Friday, November 26, 2010

Pismo Beach Raises BigFoot Stink!

Sandy Sasquatch Scares Surfers Silly - -  Pismo Beach Evacuated!
Unsuspecting Pismo Beach beachgoers were shocked by a hairy Big Sur Sasquatch romping in the waves this week. Days after the beach was reopened to the public, people are still afraid to return. 
City officials deny rumors that the beach sand is permanently damaged by the strange appearance of an aromatic Gigantopithicus Robustus Revoltus. "That glowing, crawling yellow and green slime on the beach is perfectly natural." said Pismo Beach junior superintendent for parks and wreckreation, "and those dumb rumors that small poodles and corndogs have been missing since the Sasquatch beach blitz are just that, silly rumors! By the way, has anyone seen my pet shihtzu? It's name is Princess Lea?"
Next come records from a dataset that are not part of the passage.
lemma sets_filt:
  "sets (filt M al e n) =
     sigma_sets (space M) (\<Union>j\<in>{1..n}. {dec al e j -` B \<inter> space M | B. B \<in> sets borel})"
  unfolding filt_def by (rule sets_measure_of) auto

lemma subalgebra_filt_mono:
  assumes "n \<le> m"
  shows "subalgebra (filt M al e m) (filt M al e n)"
proof -
  have "(\<Union>j\<in>{1..n}. {dec al e j -` B \<inter> space M | B. B \<in> sets borel})
      \<subseteq> (\<Union>j\<in>{1..m}. {dec al e j -` B \<inter> space M | B. B \<in> sets borel})"
    using assms by (intro UN_mono) auto
  then show ?thesis
    unfolding subalgebra_def sets_filt by (simp add: sigma_sets_mono')
qed

lemma measurable_filt_mono:
  "n \<le> m \<Longrightarrow> f \<in> borel_measurable (filt M al e n) \<Longrightarrow> f \<in> borel_measurable (filt M al e m)"
  by (rule measurable_from_subalg[OF subalgebra_filt_mono])

lemma dec_measurable_filt:
  assumes "1 \<le> j" "j \<le> n"
  shows "dec al e j \<in> borel_measurable (filt M al e n)"
proof (rule measurableI)
  fix B :: "real set"
  assume "B \<in> sets borel"
  then show "dec al e j -` B \<inter> space (filt M al e n) \<in> sets (filt M al e n)"
    using assms unfolding sets_filt space_filt by (intro sigma_sets.Basic UN_I[of j]) auto
qed simp

lemma rej_measurable_filt:
  assumes "n \<le> m"
  shows "rej al e n \<in> borel_measurable (filt M al e m)"
proof -
  have "rej al e n = (\<lambda>x. \<Sum>j\<in>{1..n}. dec al e j x)"
    by (simp add: rej_def fun_eq_iff)
  then show ?thesis
    using assms by (auto intro!: borel_measurable_sum dec_measurable_filt)
qed

lemma elord_level_measurable:
  assumes \<omega>_pred: "\<And>j. 1 \<le> j \<Longrightarrow> \<omega> j \<in> borel_measurable (filt M al e (j - 1))"
    and closed_form: "\<And>x. x \<in> space M \<Longrightarrow>
      al t x = \<alpha> * (rej al e (t - 1) x + 1) * \<omega> t x * (\<Prod>j\<in>{1..t-1}. 1 - \<omega> j x)"
    and "1 \<le> t"
  shows "al t \<in> borel_measurable (filt M al e (t - 1))"
proof -
  have "\<omega> j \<in> borel_measurable (filt M al e (t - 1))" if "j \<in> {1..t}" for j
    using that \<omega>_pred[of j] by (auto intro: measurable_filt_mono[of "j - 1"])
  then have "(\<lambda>x. \<alpha> * (rej al e (t - 1) x + 1) * \<omega> t x * (\<Prod>j\<in>{1..t-1}. 1 - \<omega> j x))
      \<in> borel_measurable (filt M al e (t - 1))"
    by (intro borel_measurable_times borel_measurable_add borel_measurable_prod
        borel_measurable_diff borel_measurable_const rej_measurable_filt) (use \<open>1 \<le> t\<close> in auto)
  then show ?thesis
    by (rule measurable_cong[THEN iffD2, rotated]) (simp add: closed_form)
qed
text \<open>\<open>F\<^sub>2\<close> is the linear integral operator with kernel k applied to the superposition
  \<open>s \<mapsto> f(s, x(s))\<close>, and for bounded measurable x the latter is dominated by a multiple of \<phi>.
  For such a d the image \<open>t \<mapsto> \<integral> k(t,s) d(s) ds\<close> is continuous by the continuity hypothesis
  on k, and its variation is at most \<open>\<integral> m |d|\<close> because the variation of k in t is bounded by m;
  these integrals are finite by Young's inequality for the conjugate exponents p and q. Hence the
  BV norm of the image is at most \<open>\<integral> (|k(0,s)| + m(s)) |d(s)| ds\<close>, and dominated convergence shows
  that a.e. convergence of uniformly bounded arguments \<open>x\<^sub>n \<rightarrow> x\<close> gives \<open>F\<^sub>2 x\<^sub>n \<rightarrow> F\<^sub>2 x\<close> in BV.
  Convergence in BV norm is uniform, which yields continuity; for compactness, Helly's selection
  theorem applied to the Jordan decompositions gives a subsequence converging pointwise outside a
  countable set.\<close>

section \<open>Variation\<close>

lemma pvar_Nil [simp]: "pvar g [] = 0" and pvar_singleton [simp]: "pvar g [a] = 0"
  by (simp_all add: pvar_def)

lemma pvar_Cons_Cons: "pvar g (a # b # xs) = \<bar>g b - g a\<bar> + pvar g (b # xs)"
  unfolding pvar_def by (simp del: sum.lessThan_Suc add: sum.lessThan_Suc_shift)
"It was way bad karma, dude", said an eyewitness surfer who was at the scene, "that Bigfoot dude had gnarly body odor.... nasty vibes, man. Like, take a bath sometime, apeman?".


Dr. Karl Blinng, Director of the prestigious YETI not SETI Institute in Yuba City, California, was perplexed. "I'm conflicted, and I'm perplexing.", he said. "It is very perplexable that a Bigfoot attacks Pismo Beach, why, for the clams? I'm investigating this incident more closely... OK yeah sure, the institute is short of funds right now, so I'll just hit up those Discovery Channel chumps for some more money... they're total suckers for this kind of stuff! Ah, I mean, they take my Bigfoot research very seriously and help fund my important work in this field. I'm also in the mood to eat some oysters...."

Sunday, November 7, 2010

Bigfoot Horror in Holland! Belgians Blamed!
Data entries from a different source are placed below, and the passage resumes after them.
text \<open>A PC cycle of H has to use the new edge; the rest of it is a PC path of G from v back
  to s that avoids X.\<close>
lemma H_pc_cycle_path:
  assumes "pc_cycle_free G" "pc_cycle H Z"
  obtains R where "pc_path G R v s (verts G - X - {s, v})" "color G (hd R) \<noteq> b"
    "color G (twin G (last R)) \<noteq> a"
proof -
  obtain R where C: "pc_cycle H (x # R)" using H_pc_cycle_through_x[OF assms] .
  have Rne: "R \<noteq> []" using C unfolding pc_cycle_def by auto
  have RH: "set R \<subseteq> darts H" and dist: "distinct (map (tail H) R)"
    and sR: "s \<notin> tail H ` set R" and walk: "successively (pc_step H) R"
    and first: "pc_step H x (hd R)" and last: "pc_step H (last R) x"
    using C Rne H_simps(4) unfolding pc_cycle_def by (auto simp: successively_Cons)
  have hdR: "tail H (hd R) = v" using first H_simps(10) unfolding pc_step_def by simp
  have "y \<notin> set R"
  proof
    assume "y \<in> set R"
    then have "y = hd R" using dist hdR H_simps(5) hd_in_set[OF Rne] by (metis distinct_map inj_onD)
    then show False using first H_simps(6) unfolding pc_step_def by simp
  qed
  moreover have "x \<notin> set R" using sR H_simps(4) by force
  ultimately have old: "r \<in> darts H" "r \<noteq> x" "r \<noteq> y" if "r \<in> set R" for r using that RH by auto
  note R_old = H_old[OF old]
  have tails: "map (tail G) R = map (tail H) R" using R_old by simp
  have "successively (pc_step G) R"
    using walk by (rule successively_mono) (use R_old in \<open>simp add: pc_step_def\<close>)
  moreover have "set (map (tail G) (tl R)) \<subseteq> verts G - X - {s, v}"
  proof -
    have "tail H (hd R) \<notin> tail H ` set (tl R)" using dist Rne by (cases R) auto
    then show ?thesis using tails sR hdR R_old(1,7) wf_multigraphD(3)[OF wf] list.set_sel(2)[OF Rne]
      by (fastforce simp: image_iff)
  qed
  moreover have "set R \<subseteq> darts G" "tail G (hd R) = v" using R_old(1,2) Rne hdR by auto
  moreover have "distinct (map (tail G) R)" unfolding tails by (rule dist)
  moreover have "head G (last R) = s" using last R_old(3) Rne H_simps(4) unfolding pc_step_def
    by simp
  ultimately have "pc_path G R v s (verts G - X - {s, v})" unfolding pc_path_def using Rne by blast
  moreover have "color G (hd R) \<noteq> b" using first R_old Rne H_simps(6,9) unfolding pc_step_def
    by simp
  moreover have "color G (twin G (last R)) \<noteq> a"
    using last R_old Rne H_simps(8) unfolding pc_step_def by simp
  ultimately show ?thesis using that by blast
qed

lemma pc_cycle_free_H:
  assumes colors_s: "\<And>d. d \<in> darts G \<Longrightarrow> tail G d = s \<Longrightarrow> head G d \<in> X \<Longrightarrow> color G d = a"
    and colors_v: "\<And>d. d \<in> darts G \<Longrightarrow> tail G d = v \<Longrightarrow> head G d \<in> X \<Longrightarrow> color G d = b"
    and P: "pc_path G P s v X" "2 \<le> length P" and free: "pc_cycle_free G"
  shows "pc_cycle_free H"
  unfolding pc_cycle_free_def
proof
  assume "\<exists>Z. pc_cycle H Z"
  then obtain R where R: "pc_path G R v s (verts G - X - {s, v})" "color G (hd R) \<noteq> b"
    "color G (twin G (last R)) \<noteq> a"
    using H_pc_cycle_path[OF free] by blast
  have P_ends: "hd P \<in> darts G" "last P \<in> darts G" "tail G (hd P) = s" "head G (last P) = v"
    using P(1) unfolding pc_path_def by auto
  have "color G (twin G (last P)) = b"
    using colors_v wf_multigraphD(1,6,7)[OF wf P_ends(2)] P_ends(4) pc_path_inner[OF P] by simp
  then have "pc_step G (last P) (hd R)" using R P_ends unfolding pc_path_def pc_step_def by simp
  moreover have "pc_step G (last R) (hd P)"
    using R P_ends colors_s[OF P_ends(1,3) pc_path_inner(1)[OF P]] unfolding pc_path_def pc_step_def
    by simp
  ultimately have "pc_cycle G (P @ R)" using pc_cycle_append[OF P R(1)] sv by auto
  then show False using free unfolding pc_cycle_free_def by blast
qed

end

lemma replacement_swap: "replacement G X s v x y \<Longrightarrow> replacement G X v s y x"
  unfolding replacement_def by (auto simp: insert_commute)

lemma (in replacement) separating_H_v:
  assumes "\<And>d. d \<in> darts G \<Longrightarrow> tail G d = v \<Longrightarrow> head G d \<in> X \<Longrightarrow> color G d = b"
    and "separating H v"
  shows "separating G v"
proof -
  interpret swapped: replacement G X v s b a y x
    by (rule replacement_swap) (rule replacement_axioms)
  have "replace_by_edge G X y x v s b a = H" by (rule replace_by_edge_swap[OF fresh(3), symmetric])
  then show ?thesis using swapped.separating_H_s[OF assms(1)] assms(2) by simp
qed

section \<open>Yeo's theorem\<close>

definition smaller :: "('a,'d) multigraph \<Rightarrow> ('a,'d) multigraph \<Rightarrow> bool" where
  "smaller H G \<longleftrightarrow> card (verts H) < card (verts G) \<or>
     (card (verts H) = card (verts G) \<and> card (darts H) < card (darts G))"

lemma wf_smaller: "wf {(H :: ('a,'d) multigraph, G). smaller H G}"
proof -
  have "{(H :: ('a,'d) multigraph, G). smaller H G} =
      inv_image (less_than <*lex*> less_than) (\<lambda>G. (card (verts G), card (darts G)))"
    unfolding smaller_def inv_image_def by auto
  then show ?thesis by (simp add: wf_lex_prod)
qed

lemma separating_from_component:
  assumes wf: "wf_multigraph G" and z: "z \<in> verts G"
    and C: "C = {w \<in> verts G - {z}. reach G (verts G - {z}) h w}"
    and y: "y \<in> C" and sep: "separating (induced G (insert z C)) y"
  shows "separating G y"
proof (rule separating_lift[OF wf _ _ _ _ _ sep, where X = "verts G - insert z C" and P = "{z}"])
  have "verts G - (verts G - insert z C) = insert z C" using z C by auto
  then show "retains_outside G (verts G - insert z C) (induced G (insert z C))"
    using retains_outside_induced[OF wf, of "verts G - insert z C"] by simp
  show "head G d \<in> (verts G - insert z C) \<union> {z}"
    if d: "d \<in> darts G" "tail G d \<in> verts G - insert z C" for d
  proof (rule ccontr)
    assume "head G d \<notin> (verts G - insert z C) \<union> {z}"
    then have hC: "head G d \<in> C" using wf_multigraphD(5)[OF wf d(1)] by auto
    have "adj G (verts G - {z}) (head G d) (tail G d)"
      using hC d C wf_multigraphD(1,6,7)[OF wf d(1)] unfolding adj_def by auto
    then have "tail G d \<in> C" using hC d C by (auto intro: rtranclp.rtrancl_into_rtrancl)
    then show False using d(2) by auto
  qed
qed (use y C in auto)

text \<open>The dart type must be infinite so that fresh darts for replacement edges exist.\<close>
locale minimal_counterexample =
  fixes G :: "('a,'d) multigraph"
  assumes infinite_darts: "infinite (UNIV :: 'd set)"
    and wf: "wf_multigraph G" and nonempty: "verts G \<noteq> {}" and free: "pc_cycle_free G"
    and no_separating: "\<And>z. z \<in> verts G \<Longrightarrow> \<not> separating G z"
    and minimal: "\<And>H :: ('a,'d) multigraph. smaller H G \<Longrightarrow> wf_multigraph H \<Longrightarrow> verts H \<noteq> {} \<Longrightarrow>
       pc_cycle_free H \<Longrightarrow> \<exists>z\<in>verts H. separating H z"
begin

lemma finite_verts: "finite (verts G)" and finite_darts: "finite (darts G)"
  using wf unfolding wf_multigraph_def by auto

lemma obtain_fresh_darts: obtains x y where "x \<notin> darts G" "y \<notin> darts G" "x \<noteq> y"
proof -
  obtain x where "x \<notin> darts G" using ex_new_if_finite[OF infinite_darts finite_darts] by blast
  moreover obtain y where "y \<notin> insert x (darts G)"
    using ex_new_if_finite[OF infinite_darts] finite_darts by blast
  ultimately show ?thesis using that by auto
qed

lemma two_colors_at:
  assumes "z \<in> verts G"
  obtains d1 d2 where "d1 \<in> darts G" "d2 \<in> darts G" "tail G d1 = z" "tail G d2 = z"
    "color G d1 \<noteq> color G d2"
  using no_separating[OF assms] unfolding separating_def by blast

lemma replacement_separating_s_or_v:
  assumes r: "replacement G X s v x y" and "X \<noteq> {}"
    and "pc_cycle_free (replace_by_edge G X x y s v a b)"
  obtains "separating (replace_by_edge G X x y s v a b) s"
    | "separating (replace_by_edge G X x y s v a b) v"
proof -
  interpret replacement G X s v a b x y by (rule r)
  have "smaller H G" using card_verts_H[OF assms(2)] unfolding smaller_def by simp
  moreover have "verts H \<noteq> {}" using H_simps(1) sv by auto
  ultimately obtain z where z: "z \<in> verts H" "separating H z" using minimal H_wf assms(3) by blast
  have "z \<in> verts G" using z(1) H_simps(1) by auto
  then have "z = s \<or> z = v" using separating_H_other[OF z(1) _ _ z(2)] no_separating by blast
  then show ?thesis using z that by blast
qed

lemma replacement_contradiction:
  assumes X: "X \<subseteq> verts G" "X \<noteq> {}"
    and sv: "s \<in> verts G" "v \<in> verts G" "s \<notin> X" "v \<notin> X" "s \<noteq> v"
    and hanging: "\<And>d. d \<in> darts G \<Longrightarrow> tail G d \<in> X \<Longrightarrow> head G d \<in> X \<union> {s, v}"
    and colors_s: "\<And>d. d \<in> darts G \<Longrightarrow> tail G d = s \<Longrightarrow> head G d \<in> X \<Longrightarrow> color G d = a"
    and colors_v: "\<And>d. d \<in> darts G \<Longrightarrow> tail G d = v \<Longrightarrow> head G d \<in> X \<Longrightarrow> color G d = b"
    and P: "pc_path G P s v X" "2 \<le> length P"
  shows False
proof -
  obtain x y where xy: "x \<notin> darts G" "y \<notin> darts G" "x \<noteq> y" by (rule obtain_fresh_darts)
  interpret r: replacement G X s v a b x y
    by unfold_locales (use wf X sv hanging xy in auto)
  have "pc_cycle_free r.H" by (rule r.pc_cycle_free_H[OF colors_s colors_v P free])
  then show False
    using r.separating_H_s[OF colors_s] r.separating_H_v[OF colors_v] no_separating sv
    by (cases rule: replacement_separating_s_or_v[OF r.replacement_axioms X(2)]) auto
qed

lemma separating_in_induced:
  assumes "W \<subset> verts G" "W \<noteq> {}"
  obtains y where "y \<in> W" "separating (induced G W) y"
proof -
  have "smaller (induced G W) G"
    unfolding smaller_def using psubset_card_mono[OF finite_verts assms(1)] by simp
  moreover have "wf_multigraph (induced G W)" using assms(1) by (intro wf_induced wf) auto
  moreover have "pc_cycle_free (induced G W)" by (rule pc_cycle_free_subgraph[OF free]) auto
  ultimately have "\<exists>y\<in>W. separating (induced G W) y" using minimal[of "induced G W"] assms(2)
    by simp
  then show ?thesis using that by blast
qed

lemma reach_minus_vertex:
  assumes z: "z \<in> verts G" and w: "w \<in> verts G" "w \<noteq> z" and w': "w' \<in> verts G" "w' \<noteq> z"
  shows "reach G (verts G - {z}) w w'"
proof -
  obtain d1 d2 where d: "d1 \<in> darts G" "d2 \<in> darts G" "tail G d1 = z" "tail G d2 = z"
    and colors: "color G d1 \<noteq> color G d2" and c12: "reach G (verts G - {z}) (head G d1) (head G d2)"
    using no_separating[OF z] unfolding separating_def by blast
  define C where "C = {w \<in> verts G - {z}. reach G (verts G - {z}) (head G d1) w}"
  have C_sub: "C \<subseteq> verts G - {z}" unfolding C_def by auto
  have heads: "head G d1 \<in> C" "head G d2 \<in> C"
    using wf_multigraphD(4,5)[OF wf d(1)] wf_multigraphD(4,5)[OF wf d(2)] d c12 unfolding C_def
      by auto
  have "verts G - {z} \<subseteq> C"
  proof (rule ccontr)
    assume "\<not> verts G - {z} \<subseteq> C"
    then have W: "insert z C \<subset> verts G" using z C_sub by auto
    define H where "H = induced G (insert z C)"
    obtain y where y: "y \<in> insert z C" "separating H y"
      using separating_in_induced[OF W] unfolding H_def by blast
    have "y \<noteq> z"
    proof
      assume "y = z"
      have "reach G C (head G d1) (head G d2)" using reach_within_component[OF c12] unfolding C_def
        by simp
      then have "reach H (verts H - {z}) (head G d1) (head G d2)"
        by (rule reach_mono_adj[rotated]) (use C_sub in \<open>auto simp: adj_def H_def\<close>)
      moreover have "d1 \<in> darts H" "d2 \<in> darts H" "tail H d1 = z" "tail H d2 = z"
        "head H d1 = head G d1" "head H d2 = head G d2"
        using heads d unfolding H_def by auto
      ultimately have "color H d1 = color H d2"
        using separatingD[OF y(2)[unfolded \<open>y = z\<close>], of d1 d2] by metis
      then show False using colors unfolding H_def by simp
    qed
    then have yC: "y \<in> C" using y(1) by simp
    then have "separating G y" using separating_from_component[OF wf z C_def _ y(2)[unfolded H_def]]
      by simp
    then show False using no_separating yC C_sub by blast
  qed
  then have "reach G (verts G - {z}) (head G d1) w" "reach G (verts G - {z}) (head G d1) w'"
    using w w' unfolding C_def by auto
  then show ?thesis using reach_sym[OF wf] by (meson rtranclp_trans)
qed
Belgian Bigfoot Stomps through the Netherlands - - Dutch are Dizzy!

Dutch security forces are scrambling to catch a marauding Belgian Bigfoot 'monster' terrifying local citizens in the deep south of the Netherlands. Rumors are flying that the Belgian beast somehow took a train from Brussels to the Schipol airport station and then points south, embarrassed officials are silent.
An eyewitness, Hagabraad Alderdinnk, was incensed... "Ja, Zeker! I saw the animal getting off the train at Schipol, it caused quite a ruckus you know, and rudely stole my whopper met kaas hamburger from my plate, ran it downstairs and escaped on de local train to Eindhoven. Ah, but that nasty thief picked a wrong day - - it was 'Snow Practice Day' for the train system. Ha ha ha! With that chaos the ape man never made it to Eindhoven, I am sure. And why have a stupid 'Snow Practice Day'* during our beautiful fall weather? All the trains in the Netherlands reroute for no good reason, everyone gets confused! De train official denies 'Snow Practice Day' was 'Bigfoot Alert' day, but I am not fooled!"

Sasquatch in Sittard - - Belgian Bigfoot Bashes Sunday Brunch in Idyllic Esloo!

Despite a national Bigfoot alert during 'Snow Practice Day', authorities missed the ape man completely, which turned up later that day in the little, formerly quaint, southern Dutch village of Esloo. "He bloody well scared off the tourists." said an Esloo innkeeper, "the place was a ghost town after that smelly beast waltzed through. Wat een smerige stinkende harige beest België!".
Bigfoot wandering down a main street of once tranquil Esloo. "I was shocked!" said a local resident. "I had no idea the government was allowing hairy Belgians into the village!".


Official Bigfoot News and Sasquatch Sightings Notice: 
In the spirit of European Union cooperation and friendship, this blog does support the theory that Belgians are Bigfoots, and Belgium is harboring a renegade band of anti-social Saquatches. It is a well known fact that the Belgium border in only 100 meters from Esloo, and you could throw a dirt clod across the canal from the Netherlands and hit a Belgium farmer on the head with it. Which is great fun. If you were so inclined. Not that anyone should do that.


*Snow Practice Day: In broad daylight under clear blue skies, the Netherlands National Train system pretends there is a blizzard and that the Ice Age has returned. Management and employees relish these days, as they enjoy seeing confused riders take unplanned  and adventurous tours through the Dutch countryside, running through multiple train stations like gerbils as they try to connect from point a to point b via points c, d, r and z.